> _EXERCISE MATERIALS_:

lemma Xi_weighted_pow_Radon_test_fun_ge_on_box:
  fixes Q :: "((real^'n) \<times> (real^'n^'k)) set" and b1 b2 :: real
  assumes r: "0 < r" and Q: "Q \<in> sets lborel" and B: "1 \<le> B"
    and good: "\<And>g0 G. (g0, G) \<in> Q \<Longrightarrow>
       g0 \<noteq> 0 \<and> 1/2 \<le> det (xi_gram g0 G) \<and> norm g0 \<le> B \<and> norm G \<le> B"
    and scaling: "r * (real CARD('k) - s) + b1 + real (CARD('n) - CARD('k) - 1) = -1"
  defines "E \<equiv> ((2 / (real CARD('k) * B)) ^ CARD('k) / 2) powr r
    * (min (4 powr b1) (10 powr b1) * min 1 (2 powr b2) * 4^(CARD('n) - CARD('k) - 1) * exp (- B\<^sup>2))"
  shows "of_nat N * ennreal E * emeasure lborel Q
    \<le> Xi_weighted_pow r b1 b2 (\<lambda>h g0 (G :: real^'n^'k). Radon_k (test_fun s N) h g0 G)"
proof -
  define S :: "nat \<Rightarrow> (real \<times> (real^'n) \<times> (real^'n^'k)) set" where
    "S j = {4 * test_scale j .. 5 * test_scale j} \<times> Q" for j
  have "of_nat N * ennreal E * emeasure lborel Q = (\<Sum>j<N. ennreal E * emeasure lborel Q)"
    by (simp add: mult.assoc)
  also have "\<dots> = (\<Sum>j<N. ennreal (E / test_scale j) * emeasure lborel (S j))"
  proof (intro sum.cong refl)
    fix j
    have "ennreal (E / test_scale j) * emeasure lborel (S j)
        = ennreal (E / test_scale j) * ennreal (test_scale j) * emeasure lborel Q"
      using Q test_scale_pos[of j] unfolding S_def by (simp add: emeasure_lborel_interval_Times mult.assoc)
    also have "\<dots> = ennreal E * emeasure lborel Q"
      using test_scale_pos[of j] by (simp add: E_def ennreal_mult[symmetric])
    finally show "ennreal E * emeasure lborel Q = ennreal (E / test_scale j) * emeasure lborel (S j)" ..
  qed
  also have "\<dots> \<le> Xi_weighted_pow r b1 b2 (\<lambda>h g0 (G :: real^'n^'k). Radon_k (test_fun s N) h g0 G)"
    unfolding Xi_weighted_pow_def
  proof (rule nn_integral_ge_sum_disjoint)
    show "S j \<in> sets lborel" for j
      using Q unfolding S_def by (simp add: lborel_prod[symmetric])
    show "i = j" if "\<xi> \<in> S i" "\<xi> \<in> S j" for \<xi> i j
      using that test_scale_ranges_disjoint[of 4 5 i "fst \<xi>" j] by (auto simp: S_def)
  next
    fix \<xi> :: "real \<times> (real^'n) \<times> (real^'n^'k)" and j
    assume j: "j \<in> {..<N}" and "\<xi> \<in> S j"
    then obtain h g0 G where \<xi>: "\<xi> = (h, g0, G)" and q: "(g0, G) \<in> Q"
      and h: "4 * test_scale j \<le> h" "h \<le> 5 * test_scale j"
      by (cases \<xi>) (auto simp: S_def)
    have "ennreal (E / test_scale j) \<le> epow (Radon_k (test_fun s N) h g0 G) r
        * ennreal (sinh h powr b1 * cosh h powr b2 * Xi_density TYPE('k) (h, g0, G))"
      unfolding E_def using good[OF q] B j
      by (intro Xi_integrand_test_fun_ge[OF r _ _ _ _ _ _ h scaling]) auto
    then show "ennreal (E / test_scale j) \<le> (case \<xi> of (h, g0, G) \<Rightarrow>
        epow (Radon_k (test_fun s N) h g0 G) r
          * ennreal (sinh h powr b1 * cosh h powr b2 * Xi_density TYPE('k) (h, g0, G)))"
      by (simp add: \<xi>)
  qed simp
  finally show ?thesis .
qed

lemma Xi_weighted_pow_Radon_test_fun_ge:
  assumes r: "0 < r" and kn: "CARD('k) < CARD('n)"
    and scaling: "r * (real CARD('k) - s) + b1 + real (CARD('n) - CARD('k) - 1) = -1"
  obtains c where "0 < c" "\<And>N. ennreal (real N * c)
      \<le> Xi_weighted_pow r b1 b2 (\<lambda>h g0 (G :: real^'n^'k). Radon_k (test_fun s N) h g0 G)"
proof -
  obtain qa qb :: "(real^'n) \<times> (real^'n^'k)" and B where
    Q: "box qa qb \<noteq> {}" "1 \<le> B" and good: "\<And>g0 G. (g0, G) \<in> box qa qb \<Longrightarrow>
       g0 \<noteq> 0 \<and> 1/2 \<le> det (xi_gram g0 G) \<and> norm g0 \<le> B \<and> norm G \<le> B"
    using good_xi_param_box[OF kn] by blast
  define E where "E = ((2 / (real CARD('k) * B)) ^ CARD('k) / 2) powr r
    * (min (4 powr b1) (10 powr b1) * min 1 (2 powr b2) * 4^(CARD('n) - CARD('k) - 1) * exp (- B\<^sup>2))"
  have "0 < measure lborel (box qa qb)"
    using Q(1) by (auto simp: box_ne_empty measure_lborel_box_eq inner_diff_left intro!: prod_pos)
  moreover have "0 < E" using Q by (simp add: E_def)
  moreover have "ennreal (real N * (E * measure lborel (box qa qb))) = of_nat N * ennreal E * emeasure lborel (box qa qb)" for N
    using \<open>0 < E\<close> by (simp add: emeasure_eq_measure2 ennreal_mult ennreal_of_nat_eq_real_of_nat mult_ac)
  ultimately show ?thesis
    using that[of "E * measure lborel (box qa qb)"]
      Xi_weighted_pow_Radon_test_fun_ge_on_box[OF r _ Q(2) good scaling]
    by (simp add: E_def)
qed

> _ASSIGNMENT_: Report the number of lines above that contain the word "TYPE", and only that number.

> _TASK RESPONSE_: 2